Start First with a Small Emergency Fund
Rather than pouring every spare penny into debt repayment, first carve out a small cash cushion of $500–$1,000. Think of this as your starter emergency fund.
Why open an emergency stash before paying off debt? Because without one, you’re far more likely to rely on loans or credit cards when an unexpected expense pops up. A single emergency could erase months of repayment efforts and send you spiraling backward.
Pay Off High Interest Debts
Once you’ve got your starter emergency fund in place, send any extra money you can toward your highest interest debt. Here are two of the most popular methods.
- The debt avalanche method involves making minimum payments on all of your debts, then directing any leftover cash to the debt with the highest interest rate. By attacking your debts from top to bottom in terms of interest rate, you’ll save the most money on interest payments over time.

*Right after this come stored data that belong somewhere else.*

(* Let $\mathcal{H}$ be a real Hilbert space with inner product $\langle\cdot,\cdot\rangle$ and norm $\|\cdot\|$. Let $\Phi:\mathcal{H}\to\mathbb{R}$ be a convex $C^1$ function such that $\arg\min\Phi=\{v\in\mathcal{H}:\Phi(v)=\Phi^*\}$ is nonempty, where $\Phi^*=\min_{x\in\mathcal{H}}\Phi(x)$. Let $c>0$, $\alpha\in[0,1)$, $\gamma(t)=\frac{c}{(1+t)^\alpha}$, and $g\in L^1(0,+\infty;\mathcal{H})$. Let $x\in W^{2,1}_{loc}(0,+\infty;\mathcal{H})$ be a solution of $$\ddot x(t)+\gamma(t)\dot x(t)+\nabla\Phi(x(t))=g(t),\quad t\ge 0,$$ and let $W(t)=\frac12\|\dot x(t)\|^2+\Phi(x(t))-\Phi^*$. Let $\nu\in[\alpha,\frac{1+\alpha}{2}]$ and assume that $\int_0^{+\infty}(1+t)^\nu\|g(t)\|\,dt<\infty$. Then $W(t)=o\left(\frac{1}{t^{2\nu}}\right)$ as $t\to+\infty$, and $\int_0^{+\infty}(1+t)^{2\nu-\alpha}\|\dot x(t)\|^2\,dt<\infty$.
   Context: $W^{2,1}_{loc}(0,+\infty;\mathcal{H})$ denotes functions whose first and second (weak) derivatives are locally integrable with values in $\mathcal{H}$; $\dot x,\ddot x$ denote the first and second time derivatives. *)

theory Defs
  imports "HOL-Analysis.Analysis" "HOL-Library.Landau_Symbols"
begin

end

theory Submission
  imports Defs
begin

text \<open>
  Write \<open>y = x - x\<^sub>m\<^sub>i\<^sub>n\<close>, \<open>\<beta> = (1 + t) powr \<nu>\<close> and \<open>v = \<lambda> y + \<beta> x'\<close> with
  \<open>\<lambda> = (2\<nu> + 1) (1 + t) powr (\<nu> - 1)\<close>. The Lyapunov function
  \<open>E = \<beta>\<^sup>2 (\<Phi> x - \<Phi>\<^sup>*) + \<parallel>v\<parallel>\<^sup>2 / 2 + \<xi> \<parallel>y\<parallel>\<^sup>2\<close> satisfies, for large \<open>t\<close>,
  \<open>E' \<le> - D + K (1 + t) powr (\<alpha> - 2) E + \<beta> \<parallel>v\<parallel> \<parallel>g\<parallel>\<close>, where
  \<open>D = (1 + t) powr (2\<nu> - 1) (\<Phi> x - \<Phi>\<^sup>*) + c/2 (1 + t) powr (2\<nu> - \<alpha>) \<parallel>x'\<parallel>\<^sup>2\<close>.
  As \<open>(1 + t) powr (\<alpha> - 2)\<close> is integrable and \<open>\<parallel>v\<parallel> \<le> \<surd>(2E)\<close>, integrating up to a maximum point
  of \<open>E\<close> yields a quadratic inequality that bounds \<open>E\<close>, hence also \<open>\<integral> D\<close>: this is the
  integrability claim. The scaled energy \<open>U = (1 + t) powr (2\<nu>) W\<close> satisfies
  \<open>U' \<le> K D + C \<beta> \<parallel>g\<parallel>\<close>, so its increments far out are small, while
  \<open>\<integral> U / (1 + t) \<le> K \<integral> D < \<infinity>\<close> makes it small somewhere beyond every point. Hence \<open>U \<longrightarrow> 0\<close>,
  which is the little-o claim.
\<close>

section \<open>Derivatives up to an integrable perturbation\<close>

definition int_norm :: "(real \<Rightarrow> 'a::real_normed_vector) \<Rightarrow> real \<Rightarrow> real \<Rightarrow> real" where
  "int_norm g s t = integral {s..t} (\<lambda>\<tau>. norm (g \<tau>))"

text \<open>
  This replaces the chain and product rules for the velocity, whose
  derivative \<open>x''\<close> is only integrable; \<open>x'\<close> satisfies it with the continuous part of \<open>x''\<close>.
\<close>

definition perturbed_deriv :: "(real \<Rightarrow> 'a::real_normed_vector) \<Rightarrow> (real \<Rightarrow> 'b::real_normed_vector)
    \<Rightarrow> (real \<Rightarrow> 'b) \<Rightarrow> (real \<Rightarrow> real) \<Rightarrow> real \<Rightarrow> real \<Rightarrow> bool" where
  "perturbed_deriv g f f' b a c \<longleftrightarrow> (\<forall>e>0. \<exists>d>0. \<forall>s t. a \<le> s \<longrightarrow> s \<le> t \<longrightarrow> t \<le> c \<longrightarrow> t - s < d \<longrightarrow>
      norm (f t - f s - (t - s) *\<^sub>R f' s) \<le> b s * int_norm g s t + e * ((t - s) + int_norm g s t))"

definition perturbed_upper_deriv :: "(real \<Rightarrow> 'a::real_normed_vector) \<Rightarrow> (real \<Rightarrow> real)
    \<Rightarrow> (real \<Rightarrow> real) \<Rightarrow> (real \<Rightarrow> real) \<Rightarrow> real \<Rightarrow> real \<Rightarrow> bool" where
  "perturbed_upper_deriv g f f' b a c \<longleftrightarrow> (\<forall>e>0. \<exists>d>0. \<forall>s t. a \<le> s \<longrightarrow> s \<le> t \<longrightarrow> t \<le> c \<longrightarrow> t - s < d \<longrightarrow>
      f t - f s - (t - s) * f' s \<le> b s * int_norm g s t + e * ((t - s) + int_norm g s t))"

lemma int_norm_nonneg:
  assumes "(\<lambda>\<tau>. norm (g \<tau>)) integrable_on {a..c}" "a \<le> s" "s \<le> t" "t \<le> c"
  shows "0 \<le> int_norm g s t"
  unfolding int_norm_def
  by (rule integral_nonneg) (use assms integrable_on_subinterval[OF assms(1), of s t] in auto)

lemma int_norm_combine:
  assumes "(\<lambda>\<tau>. norm (g \<tau>)) integrable_on {a..c}" "a \<le> s" "s \<le> u" "u \<le> t" "t \<le> c"
  shows "int_norm g s u + int_norm g u t = int_norm g s t"
  unfolding int_norm_def
  by (rule Henstock_Kurzweil_Integration.integral_combine)
     (use assms integrable_on_subinterval[OF assms(1), of s t] in auto)

lemma uniformly_continuous_on_interval_delta:
  fixes f :: "real \<Rightarrow> 'b::real_normed_vector"
  assumes "continuous_on {a..c} f" "e > 0"
  obtains d where "d > 0" "\<And>s t. s \<in> {a..c} \<Longrightarrow> t \<in> {a..c} \<Longrightarrow> \<bar>t - s\<bar> < d \<Longrightarrow> norm (f t - f s) < e"
proof -
  have "uniformly_continuous_on {a..c} f"
    using assms(1) by (intro compact_uniformly_continuous) auto
  then show ?thesis
    using assms(2) that unfolding uniformly_continuous_on_def by (metis dist_norm dist_real_def)
qed

lemma continuous_on_interval_bound:
  fixes f :: "real \<Rightarrow> 'b::real_normed_vector"
  assumes "continuous_on {a..c} f"
  obtains B where "B > 0" "\<And>t. t \<in> {a..c} \<Longrightarrow> norm (f t) \<le> B"
proof -
  have "bounded (f ` {a..c})"
    using assms by (intro compact_imp_bounded compact_continuous_image) auto
  then show ?thesis using that by (auto simp: bounded_pos)
qed

lemma integrable_continuous_mult_norm:
  fixes k :: "real \<Rightarrow> real"
  assumes k: "continuous_on {a..c} k" and g: "(\<lambda>\<tau>. norm (g \<tau>)) integrable_on {a..c}"
  shows "(\<lambda>\<tau>. k \<tau> * norm (g \<tau>)) integrable_on {a..c}"
proof -
  have "(\<lambda>\<tau>. k \<tau> * norm (g \<tau>)) absolutely_integrable_on {a..c}"
  proof (rule absolutely_integrable_bounded_measurable_product_real)
    show "k \<in> borel_measurable (lebesgue_on {a..c})"
      using k by (intro continuous_imp_measurable_on_sets_lebesgue) auto
    show "bounded (k ` {a..c})"
      using k by (intro compact_imp_bounded compact_continuous_image) auto
    show "(\<lambda>\<tau>. norm (g \<tau>)) absolutely_integrable_on {a..c}"
      using g by (intro nonnegative_absolutely_integrable_1) auto
  qed auto
  then show ?thesis using set_lebesgue_integral_eq_integral(1) by blast
qed

lemma increment_le_of_small_increments:
  fixes \<psi> M :: "real \<Rightarrow> real"
  assumes "a \<le> c" "d > 0"
    and small: "\<And>s t. a \<le> s \<Longrightarrow> s \<le> t \<Longrightarrow> t \<le> c \<Longrightarrow> t - s < d \<Longrightarrow> \<psi> t - \<psi> s \<le> e * (M t - M s)"
  shows "\<psi> c - \<psi> a \<le> e * (M c - M a)"
proof -
  obtain n :: nat where n: "(c - a) / d < real n" using reals_Archimedean2 by blast
  with \<open>d > 0\<close> \<open>a \<le> c\<close> have "n > 0" by (cases n) (auto simp: divide_less_0_iff)
  define p where "p k = a + real k * (c - a) / real n" for k :: nat
  have p0: "p 0 = a" and pn: "p n = c" using \<open>n > 0\<close> by (auto simp: p_def)
  have step: "p (Suc k) - p k = (c - a) / real n" for k
    using \<open>n > 0\<close> by (simp add: p_def field_simps)
  have step_small: "(c - a) / real n < d"
    using n \<open>n > 0\<close> \<open>d > 0\<close> by (simp add: field_simps)
  have p_ge: "a \<le> p k" for k using \<open>a \<le> c\<close> by (simp add: p_def)
  have p_mono: "p k \<le> p (Suc k)" for k
    using step \<open>a \<le> c\<close> by (metis diff_ge_0_iff_ge divide_nonneg_nonneg of_nat_0_le_iff)
  have p_le: "p k \<le> c" if "k \<le> n" for k
  proof -
    have "real k * (c - a) / real n \<le> real n * (c - a) / real n"
      using that \<open>a \<le> c\<close> by (intro divide_right_mono mult_right_mono) auto
    then show ?thesis using \<open>n > 0\<close> by (simp add: p_def)
  qed
  have "\<psi> c - \<psi> a = (\<Sum>k<n. \<psi> (p (Suc k)) - \<psi> (p k))"
    using sum_lessThan_telescope[of "\<lambda>k. \<psi> (p k)" n] p0 pn by simp
  also have "\<dots> \<le> (\<Sum>k<n. e * (M (p (Suc k)) - M (p k)))"
  proof (rule sum_mono)
    fix k assume "k \<in> {..<n}"
    then show "\<psi> (p (Suc k)) - \<psi> (p k) \<le> e * (M (p (Suc k)) - M (p k))"
      using small p_ge p_mono p_le[of "Suc k"] step step_small by auto
  qed
  also have "\<dots> = e * (M c - M a)"
    using sum_lessThan_telescope[of "\<lambda>k. M (p k)" n] p0 pn by (simp add: sum_distrib_left[symmetric])
  finally show ?thesis .
qed

lemma le_of_small_increments:
  fixes \<psi> M :: "real \<Rightarrow> real"
  assumes "a \<le> c"
    and M: "\<And>s t. a \<le> s \<Longrightarrow> s \<le> t \<Longrightarrow> t \<le> c \<Longrightarrow> M s \<le> M t"
    and small: "\<And>e. e > 0 \<Longrightarrow> \<exists>d>0. \<forall>s t. a \<le> s \<longrightarrow> s \<le> t \<longrightarrow> t \<le> c \<longrightarrow> t - s < d \<longrightarrow>
                  \<psi> t - \<psi> s \<le> e * (M t - M s)"
  shows "\<psi> c \<le> \<psi> a"
proof -
  have "M a \<le> M c" using M[of a c] \<open>a \<le> c\<close> by simp
  have "\<psi> c - \<psi> a \<le> e" if "e > 0" for e
  proof -
    define e' where "e' = e / (M c - M a + 1)"
    have "e' > 0" using that \<open>M a \<le> M c\<close> by (simp add: e'_def)
    then obtain d where "d > 0" and "\<forall>s t. a \<le> s \<longrightarrow> s \<le> t \<longrightarrow> t \<le> c \<longrightarrow> t - s < d \<longrightarrow>
        \<psi> t - \<psi> s \<le> e' * (M t - M s)"
      using small by blast
    then have "\<psi> c - \<psi> a \<le> e' * (M c - M a)"
      using increment_le_of_small_increments[OF \<open>a \<le> c\<close> \<open>d > 0\<close>] by blast
    also have "\<dots> \<le> e" using that \<open>M a \<le> M c\<close> by (simp add: e'_def field_simps)
    finally show ?thesis .
  qed
  then show ?thesis by (metis field_le_epsilon add_0 diff_le_0_iff_le)
qed

lemma integral_ge_left_value_mult:
  fixes k w :: "real \<Rightarrow> real"
  assumes k: "continuous_on {a..c} k" and w: "w integrable_on {a..c}" "\<And>\<tau>. \<tau> \<in> {a..c} \<Longrightarrow> 0 \<le> w \<tau>"
    and kw: "(\<lambda>\<tau>. k \<tau> * w \<tau>) integrable_on {a..c}" and e: "e > 0"
  obtains d where "d > 0" "\<And>s t. a \<le> s \<Longrightarrow> s \<le> t \<Longrightarrow> t \<le> c \<Longrightarrow> t - s < d \<Longrightarrow>
      (k s - e) * integral {s..t} w \<le> integral {s..t} (\<lambda>\<tau>. k \<tau> * w \<tau>)"
proof -
  obtain d where d: "d > 0"
    and osc: "\<And>s t. s \<in> {a..c} \<Longrightarrow> t \<in> {a..c} \<Longrightarrow> \<bar>t - s\<bar> < d \<Longrightarrow> norm (k t - k s) < e"
    using uniformly_continuous_on_interval_delta[OF k e] by blast
  have "(k s - e) * integral {s..t} w \<le> integral {s..t} (\<lambda>\<tau>. k \<tau> * w \<tau>)"
    if st: "a \<le> s" "s \<le> t" "t \<le> c" "t - s < d" for s t
  proof -
    have sub: "{s..t} \<subseteq> {a..c}" using st by auto
    have "integral {s..t} (\<lambda>\<tau>. (k s - e) * w \<tau>) \<le> integral {s..t} (\<lambda>\<tau>. k \<tau> * w \<tau>)"
    proof (rule integral_le)
      show "(\<lambda>\<tau>. (k s - e) * w \<tau>) integrable_on {s..t}"
        using integrable_cmul[OF integrable_on_subinterval[OF w(1) sub], of "k s - e"] by simp
      show "(\<lambda>\<tau>. k \<tau> * w \<tau>) integrable_on {s..t}" using integrable_on_subinterval[OF kw sub] .
      fix \<tau> assume "\<tau> \<in> {s..t}"
      then have "k s - e \<le> k \<tau>" "0 \<le> w \<tau>" using osc[of s \<tau>] w(2) st by auto
      then show "(k s - e) * w \<tau> \<le> k \<tau> * w \<tau>" by (rule mult_right_mono)
    qed
    then show ?thesis by simp
  qed
  with d that show ?thesis by blast
qed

- The debt snowball method takes a different approach. You’ll still make minimum payments on all debts, but instead of targeting the highest-interest rate account, you’ll throw any extra cash at your smallest balance. The idea is that paying off smaller debts will keep you motivated to reach the next milestone.
Don’t Miss Out on Retirement Matching
Many employers offer matching contributions to employee retirement plans like 401(k)s. If yours does, contribute enough to get the full employer match, even if you’re paying down debt, so that your employer will contribute the maximum amount possible.
Many financial experts refer to these matches as the closest thing you’ll find to free money in personal finance, where you’ll effectively earn an immediate, guaranteed return that’s difficult to beat anywhere else.
Think of it as a present-vs.-future budgeting decision. While you don’t have to max out your retirement account right now, you should at least contribute enough to get the full match. Then put any remaining discretionary money toward your debt balances.
Once your debts are settled, you can start contributing more to your retirement fund again.
Work Your Way Up to a Full Emergency Fund
With your high-interest debt paid off and employer match secured, you should begin building a full emergency fund. Ideally, this will be three- to six-months worth of living expenses in an easily-accessible savings account.
When you have a full emergency fund, you’ll be better protected if an emergency expense arises. Think job loss, unexpected medical bills, or any other significant expense that could disrupt your monthly budget.
Saving While Paying Off Debt
After your emergency fund is set, you can begin deciding how much of each “extra dollar” will go toward savings versus debt repayments.
Even if you have debt, saving money is a habit that can prevent you from getting off-track in the future. If you budget for small, consistent savings today, you’ll be less likely to tap into your savings when you have regular expenses like monthly bills to pay.
A good rule of thumb for many families looks like this:
- 50%→needs
- 30%→wants
- 10%→saving
- 10%→debt repayment
Make Savings Automatic—Then Treat Debt Like Your Rent
Make sure to schedule an automatic deposit into your savings account on payday. Even if it’s just a few dollars each month, make sure you’re adding to your savings. Then set up automatic payments for your debt, such as your car loan or mortgage.
By paying into your savings first (and making it automatic), you’re less likely to skip a month. You’ll also find it easier to pay off your debts because you’ve trained yourself to view it as another necessary bill.